EXERCISE OBJECTIVE:
From the records below, copy the lines that include "cases".

(Stored data entries)
= = = = = = =

lemma has_vector_derivative_real_Pair:
  "(f has_real_derivative a) (at x) \<Longrightarrow> (g has_real_derivative b) (at x) \<Longrightarrow>
   ((\<lambda>x. (f x, g x)) has_vector_derivative (a, b)) (at x)"
  by (intro has_vector_derivative_Pair) (simp_all add: has_real_derivative_iff_has_vector_derivative)

lemma constant_on_interval_if_derivative_zero:
  assumes "is_interval I" "\<And>u. u \<in> I \<Longrightarrow> (f has_real_derivative 0) (at u)"
  shows "\<exists>c. \<forall>u\<in>I. f u = c"
  using has_field_derivative_zero_constant[of I f] assms is_interval_convex
  by (metis has_field_derivative_at_within)

lemma sign_constant_on_interval:
  fixes f :: "real \<Rightarrow> real"
  assumes I: "is_interval I" and f: "continuous_on I f" and nz: "\<And>u. u \<in> I \<Longrightarrow> f u \<noteq> 0"
  shows "\<exists>\<epsilon>. (\<epsilon> = 1 \<or> \<epsilon> = -1) \<and> (\<forall>u\<in>I. \<epsilon> * f u > 0)"
proof -
  have iv: "is_interval (f ` I)"
    using connected_continuous_image[OF f] I by (simp add: is_interval_connected_1)
  have no_change: "f b > 0" if ab: "a \<in> I" "b \<in> I" and pos: "f a > 0" for a b
  proof (rule ccontr)
    assume "\<not> f b > 0"
    then have neg: "f b < 0" using nz[OF ab(2)] by linarith
    have "\<forall>x. f b \<le> x \<longrightarrow> x \<le> f a \<longrightarrow> x \<in> f ` I"
      using iv ab unfolding is_interval_1 by blast
    then have "0 \<in> f ` I" using neg pos by simp
    then show False using nz by auto
  qed
  show ?thesis
  proof (cases "\<exists>a\<in>I. f a > 0")
    case True
    then obtain a where "a \<in> I" "f a > 0" by blast
    then have "\<forall>u\<in>I. 1 * f u > 0" using no_change[OF \<open>a \<in> I\<close>] by simp
    then show ?thesis by blast
  next
    case False
    then have "\<forall>u\<in>I. -1 * f u > 0" using nz by (auto simp: not_less le_less)
    then show ?thesis by blast
  qed
qed

lemma mink_scaleR_left [simp]: "mink (a *\<^sub>R p) q = a * mink p q"
  by (simp add: mink_def algebra_simps)

lemma mink_scaleR_right [simp]: "mink p (a *\<^sub>R q) = a * mink p q"
  by (simp add: mink_def algebra_simps)

lemma hmul_scaleR: "hmul (a *\<^sub>R p) = a *\<^sub>R hmul p"
  by (simp add: hmul_def)

lemma mink_unit_fst_square: "mink p p = 1 \<Longrightarrow> fst p ^ 2 = 1 + snd p ^ 2"
  by (simp add: mink_def power2_eq_square)

lemma unit_fst_eq_sqrt: "mink p p = 1 \<Longrightarrow> fst p > 0 \<Longrightarrow> sqrt (snd p ^ 2 + 1) = fst p"
  by (rule real_sqrt_unique) (auto simp: mink_unit_fst_square)

lemma fst_neq_0_if_unit:
  assumes "mink p p = 1"
  shows "fst p \<noteq> 0"
proof
  assume "fst p = 0"
  then have "1 + snd p ^ 2 = 0" using mink_unit_fst_square[OF assms] by simp
  moreover have "snd p ^ 2 \<ge> 0" by simp
  ultimately show False by linarith
qed

lemma hmul_neq_0_if_unit: "mink p p = 1 \<Longrightarrow> hmul p \<noteq> 0"
  by (cases p) (auto simp: mink_def hmul_def zero_prod_def)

= = = = = = =

RESPONSE TO THIS EXERCISE:
  proof (cases "\<exists>a\<in>I. f a > 0")
  by (cases p) (auto simp: mink_def hmul_def zero_prod_def)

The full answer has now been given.